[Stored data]
lemma graph_iso_GwH_induced:
  assumes G: "wf_graph G" and p: "inj_on p {..<M}" "p ` {..<M} \<subseteq> verts G"
    and adj: "\<forall>i<M. \<forall>j<M. i \<noteq> j \<longrightarrow> adj G (p i) (p j) = word_adj H (map y [0..<M]) i j"
    and U: "U \<subseteq> {1..M}"
  shows "graph_iso (GwH (\<lambda>i. y (i - 1)) H U) (induced G ((\<lambda>u. p (u - 1)) ` U))"
proof -
  define \<phi> where "\<phi> u = p (u - 1)" for u
  have "inj_on \<phi> U"
  proof
    fix a b assume "a \<in> U" "b \<in> U" "\<phi> a = \<phi> b"
    moreover from \<open>a \<in> U\<close> \<open>b \<in> U\<close> have "a \<in> {1..M}" "b \<in> {1..M}" using U by blast+
    ultimately have "a - 1 = b - 1" using p(1) unfolding \<phi>_def inj_on_def by auto
    then show "a = b" using \<open>a \<in> {1..M}\<close> \<open>b \<in> {1..M}\<close> by auto
  qed
  moreover have "verts (induced G (\<phi> ` U)) = \<phi> ` U"
    using p(2) U unfolding induced_def verts_def \<phi>_def by force
  moreover have "adj (GwH (\<lambda>i. y (i - 1)) H U) a b = adj (induced G (\<phi> ` U)) (\<phi> a) (\<phi> b)"
    if ab: "a \<in> U" "b \<in> U" for a b
  proof (cases "a = b")
    case True
    then show ?thesis using G unfolding GwH_def induced_def adj_def wf_graph_def by auto
  next
    case False
    have "a \<in> {1..M}" "b \<in> {1..M}" using U ab by blast+
    then have ij: "a - 1 < M" "b - 1 < M" "a - 1 \<noteq> b - 1" "0 < a" "0 < b" using False by auto
    then have "dist (real a) (real b) = 1 \<longleftrightarrow> a - 1 + 1 = b - 1 \<or> b - 1 + 1 = a - 1"
      "dist (real a) (real b) > 1 \<longleftrightarrow> \<not> (a - 1 + 1 = b - 1 \<or> b - 1 + 1 = a - 1)"
      by (auto simp: dist_real_def abs_if)
    then show ?thesis
      using adj ij ab False unfolding GwH_def induced_def adj_def word_adj_def \<phi>_def by auto
  qed
  ultimately show ?thesis
    unfolding graph_iso_def \<phi>_def[symmetric] by (intro exI[of _ \<phi>]) (auto simp: GwH_def verts_def bij_betw_def)
qed

lemma P_class_subset:
  assumes her: "hereditary X" and all_realizable: "factors y \<subseteq> {v. realizable X H v}"
  shows "P_class (\<lambda>i. y (i - 1)) H \<subseteq> X"
proof
  fix G0 assume "G0 \<in> P_class (\<lambda>i. y (i - 1)) H"
  then obtain U where G0: "wf_graph G0" and U: "finite U" "0 \<notin> U"
    and iso: "graph_iso (GwH (\<lambda>i. y (i - 1)) H U) G0"
    unfolding P_class_def by blast
  define M where "M = Max (insert 0 U)"
  have U_sub: "U \<subseteq> {1..M}" using U unfolding M_def by (auto simp: Suc_le_eq) (metis gr0I)
  have "map (\<lambda>i. y (0 + i)) [0..<M] \<in> factors y" by (rule map_shift_in_factors)
  then have "realizable X H (map y [0..<M])" using all_realizable by auto
  then obtain G p where G: "G \<in> X" and p: "inj_on p {..<M}" "p ` {..<M} \<subseteq> verts G"
    and adj: "\<forall>i<M. \<forall>j<M. i \<noteq> j \<longrightarrow> adj G (p i) (p j) = word_adj H (map y [0..<M]) i j"
    unfolding realizable_def by auto
  define T where "T = (\<lambda>u. p (u - 1)) ` U"
  have "wf_graph G" using her G unfolding hereditary_def by blast
  then have "graph_iso (induced G T) G0"
    using graph_iso_GwH_induced[OF _ p adj U_sub] iso graph_iso_sym graph_iso_trans unfolding T_def by blast
  moreover have "T \<subseteq> verts G" using p(2) U_sub unfolding T_def by force
  then have "induced G T \<in> X" using her G unfolding hereditary_def by blast
  ultimately show "G0 \<in> X" using her G0 unfolding hereditary_def by blast
qed
(* Let $q\ge1$, $\lambda$ a primitive $q$th root of unity, $g(z)=\lambda z+O(z^2)$ holomorphic near $0$ with $f:=g^{\circ q}$ of the form $f(z)=z+z^{q+1}+bz^{2q+1}+O(z^{2q+2})$, and $0<r_0<1$ such that $f$ is univalent in a neighborhood of $\overline{\mathbb D}(0,r_0)$, $0$ is its only fixed point in $\overline{\mathbb D}(0,r_0)$ and $\operatorname{Re}(f')>0$ there. Let $g_n(z)=\lambda_nz+O(z^2)$, $|\lambda_n|\ne1$, with $f_n:=g_n^{\circ q}$ holomorphic near $\overline{\mathbb D}(0,r_0)$ and $f_n\to f$ uniformly on $\overline{\mathbb D}(0,r_0)$. Let $0<r_1<r_0/2$ be such that $\overline{\mathbb D}(0,r_1)$ is mapped univalently into $\mathbb D(0,r_0)$ by $f$ and $f^{-1}$ and $\sup_{|z|\le r_1}|f_n(z)-z|\le r_1/2$ for all large $n$. Let $\omega,\omega_n$ be the Buff forms of $f,f_n$, and for $0\le t\le1$ let $$u_t(z)=-t+\int_{[z,(1-t)z+tf(z)]}\omega,\qquad u_{n,t}(z)=-t+\int_{[z,(1-t)z+tf_n(z)]}\omega_n,$$ regarded as holomorphic functions on a neighborhood of $\overline{\mathbb D}(0,r_1)$ (extended holomorphically across the fixed points). Then for every $\epsilon>0$ there is $N\ge1$ such that $|u_{n,t}(z)-u_t(z)|<\epsilon t$ for all $z\in\overline{\mathbb D}(0,r_1)$, $0<t\le1$ and $n\ge N$.
   Context: $\operatorname{Log}$ is the principal branch of the logarithm; the Buff form of a holomorphic $h$ is $\omega_h=\frac{h'(z)-1}{(h(z)-z)\operatorname{Log}h'(z)}\,dz$ (factor $(h'-1)/\operatorname{Log}h'$ read as $1$ where $h'=1$), meromorphic with poles at fixed points of $h$. For non-fixed $z$ the segments of integration avoid the fixed points, and the functions $u_t,u_{n,t}$ extend holomorphically across the fixed points of $f$, resp. $f_n$. *)

theory Defs
  imports "HOL-Complex_Analysis.Complex_Analysis"
begin
(* Let $G$ be an instance of the rank-maximal matchings problem (with last-resort posts added, as described in the context), let $M$ be a rank-maximal matching in $G$, and let $G_M$ be the switching graph of $M$. If $T$ is a switching path in $G_M$, then $M\cdot T$ is a rank-maximal matching in $G$. Likewise, if $C$ is a switching cycle in $G_M$, then $M\cdot C$ is a rank-maximal matching in $G$.
   Context: An instance is a bipartite graph $G=(\mathcal{A}\cup\mathcal{P},E)$, $\mathcal{A}$ a set of applicants, $\mathcal{P}$ a set of posts, with $E=E_1\cup\dots\cup E_r$ a disjoint union; $(a,p)\in E_i$ means $p$ is an $i$-th choice of $a$, written $\mathrm{rank}(a,p)=i$ (an applicant may rank several posts equally). Each applicant $a$ is additionally given its own dummy last-resort post $\ell(a)$ (adjacent only to $a$) with $(a,\ell(a))\in E_{r+1}$; the resulting instance with ranks $1,\dots,r+1$ is still called $G$. The signature of a matching $M$ is $(x_1,\dots,x_{r+1})$, where $x_i$ is the number of applicants matched by $M$ along a rank-$i$ edge; signatures are compared lexicographically, and $M$ is rank-maximal if its signature is maximum. For a matched vertex $u$, $M(u)$ is its partner. Even/odd/unreachable: given a bipartite graph and a maximum matching $N$ in it, a vertex is even (resp. odd) if there is an even (resp. odd) length $N$-alternating path from an $N$-unmatched vertex to it, and unreachable otherwise; these sets do not depend on the choice of maximum matching. Irving et al.'s algorithm: let $G'_1=(\mathcal{A}\cup\mathcal{P},E_1)$ and $M_1$ a maximum matching of $G'_1$. For $i=1,\dots,r$: (1) let $\mathcal{E}_i,\mathcal{O}_i,\mathcal{U}_i$ be the even, odd, unreachable vertices of $G'_i$; (2) delete all edges of rank $>i$ incident to vertices of $\mathcal{O}_i\cup\mathcal{U}_i$; (3) delete from $G'_i$ all edges joining a vertex of $\mathcal{O}_i$ to a vertex of $\mathcal{O}_i\cup\mathcal{U}_i$; (4) add the remaining edges of $E_{i+1}$ to get $G'_{i+1}$; (5) let $M_{i+1}$ be a maximum matching of $G'_{i+1}$ obtained by augmenting $M_i$. Let $\mathcal{E}_{r+1},\mathcal{O}_{r+1},\mathcal{U}_{r+1}$ be the even, odd, unreachable vertices of $G'_{r+1}$, and let the reduced graph $G'$ be $G'_{r+1}$ minus all edges joining $\mathcal{O}_{r+1}$ to $\mathcal{O}_{r+1}\cup\mathcal{U}_{r+1}$. These graphs and vertex sets do not depend on the choices made. Switching graph: for a rank-maximal matching $M$ (which matches every applicant), $G_M$ is the directed weighted graph with vertex set $\mathcal{P}$ and an edge $(p_i,p_j)$ whenever there is an applicant $a$ with $(a,p_i)\in M$ and $(a,p_j)$ an edge of $G'$, of weight $w(p_i,p_j)=\mathrm{rank}(a,p_j)-\mathrm{rank}(a,p_i)$. A sink is a post with no outgoing edge in $G_M$ that lies in $\mathcal{E}_1\cap\dots\cap\mathcal{E}_{r+1}$. The weight of a path or cycle is the sum of its edge weights. A switching path is a directed path $T=\langle p_0,\dots,p_{k-1}\rangle$ in $G_M$ ending in a sink with $w(T)=0$; a switching cycle is a directed cycle $C=\langle p_0,\dots,p_{k-1},p_0\rangle$ with $w(C)=0$. For a switching path $T$ with $a_i=M(p_i)$ ($0\le i\le k-2$), $M\cdot T$ is the matching in which $a_i$ is matched to $p_{i+1}$ and every other applicant keeps its $M$-partner; $M\cdot C$ is defined analogously ($M(p_i)$ gets $p_{i+1}$, indices mod $k$). *)

theory Defs
  imports Main
begin
text \<open>Balls of radius (r - 1) div 2 around an r-separated set are disjoint.\<close>

lemma card_separated_le:
  assumes "finite V" "\<forall>e\<in>E. e \<subseteq> V" "connected_graph V E"
    and "X \<subseteq> V" "separated E r X" "r \<le> card V"
  shows "card X * r \<le> 2 * card V"
proof (cases "r = 0")
  case False
  define \<rho> where "\<rho> = (r - 1) div 2"
  define B where "B x = {q \<in> V. gdist E x q \<le> enat \<rho>}" for x
  have balls: "card X * (\<rho> + 1) \<le> card V"
  proof (rule card_disjoint_family_le[OF assms(1) finite_subset[OF assms(4,1)]])
    show "\<rho> + 1 \<le> card (B x)" if "x \<in> X" for x
      unfolding B_def using that assms card_ball_ge[of V E x \<rho>] False
      by (auto simp: \<rho>_def)
    show "disjoint_family_on B X"
      unfolding disjoint_family_on_def
    proof (intro ballI impI, rule ccontr)
      fix x y assume xy: "x \<in> X" "y \<in> X" "x \<noteq> y" and "B x \<inter> B y \<noteq> {}"
      then obtain q where "gdist E x q \<le> enat \<rho>" "gdist E y q \<le> enat \<rho>"
        unfolding B_def by auto
      then have "gdist E x y \<le> enat (\<rho> + \<rho>)"
        using gdist_triangle_enat gdist_sym by metis
      moreover have "\<rho> + \<rho> < r" using False by (simp add: \<rho>_def)
      ultimately have "gdist E x y < enat r" by (simp add: le_less_trans)
      then show False using assms(5) xy unfolding separated_def by (meson leD)
    qed
  qed (auto simp: B_def)
  have "card X * r \<le> card X * (2 * (\<rho> + 1))" by (rule mult_le_mono2) (simp add: \<rho>_def)
  also have "\<dots> = 2 * (card X * (\<rho> + 1))" by (simp only: mult.left_commute)
  also have "\<dots> \<le> 2 * card V" using balls by simp
  finally show ?thesis .
qed simp

section \<open>Critical edges\<close>

definition critical_edge :: "'a set set \<Rightarrow> nat \<Rightarrow> 'a \<Rightarrow> 'a \<Rightarrow> bool" where
  "critical_edge E r u x \<longleftrightarrow> (\<exists>y. gdist E u y \<le> enat r \<and> enat r < gdist (E - {{u, x}}) u y)"

definition voronoi_cell :: "'a set \<Rightarrow> 'a set set \<Rightarrow> 'a \<Rightarrow> 'a \<Rightarrow> 'a set" where
  "voronoi_cell V E u x = {q \<in> V. \<forall>z \<in> neighbours E u - {x}.
     gdist (edges_avoiding E u) x q < gdist (edges_avoiding E u) z q}"

lemma voronoi_cells_disjoint:
  "disjoint_family_on (voronoi_cell V E u) (neighbours E u)"
  unfolding disjoint_family_on_def
proof (intro ballI impI)
  fix x y assume "x \<in> neighbours E u" "y \<in> neighbours E u" "x \<noteq> y"
  then have "x \<in> neighbours E u - {y}" "y \<in> neighbours E u - {x}" by auto
  then have False if "q \<in> voronoi_cell V E u x" "q \<in> voronoi_cell V E u y" for q
    using that unfolding voronoi_cell_def by (blast dest: order.asym)
  then show "voronoi_cell V E u x \<inter> voronoi_cell V E u y = {}" by blast
qed

lemma critical_edge_witness:
  assumes "critical_edge E r u x"
  obtains y where "y \<noteq> u" "gdist (edges_avoiding E u) x y < enat r"
    "\<And>z. z \<in> neighbours E u - {x} \<Longrightarrow> enat r \<le> gdist (edges_avoiding E u) z y"
proof -
  let ?H = "edges_avoiding E u"
  obtain y where y: "gdist E u y \<le> enat r" "enat r < gdist (E - {{u, x}}) u y"
    using assms unfolding critical_edge_def by blast
  have "y \<noteq> u" using y(2) by (auto simp: zero_enat_def)
  have "?H \<subseteq> E - {{u, x}}" by (auto simp: edges_avoiding_def)
  have far: "enat r \<le> gdist ?H z y" if z: "z \<in> neighbours E u - {x}" for z
  proof (rule ccontr)
    assume "\<not> ?thesis"
    then obtain d where d: "gdist ?H z y = enat d" "d < r" by (auto simp: not_le elim: less_enatE)
    have "{u, z} \<in> E - {{u, x}}" "z \<noteq> u"
      using z by (auto simp: neighbours_def doubleton_eq_iff)
    then have "gdist (E - {{u, x}}) u z \<le> enat 1"
      using gdist_edge_le_1[of u z "E - {{u, x}}"] by (simp add: one_enat_def)
    moreover have "gdist (E - {{u, x}}) z y \<le> enat d"
      using gdist_antimono[OF \<open>?H \<subseteq> E - {{u, x}}\<close>, of z y] d(1) by simp
    ultimately have "gdist (E - {{u, x}}) u y \<le> enat (1 + d)" by (rule gdist_triangle_enat)
    also have "enat (1 + d) \<le> enat r" using d(2) by simp
    finally show False using y(2) by (simp add: leD)
  qed
  obtain z where "z \<in> neighbours E u" "gdist ?H z y < enat r"
    using gdist_via_neighbour[OF y(1) \<open>y \<noteq> u\<close>] by blast
  moreover from this have "z = x" using far by (meson DiffI leD singletonD)
  ultimately show ?thesis using that \<open>y \<noteq> u\<close> far by blast
qed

EXERCISE OBJECTIVE: Work out how many lines in the records contain the word "impI", and give that number by itself.

RESPONSE: 2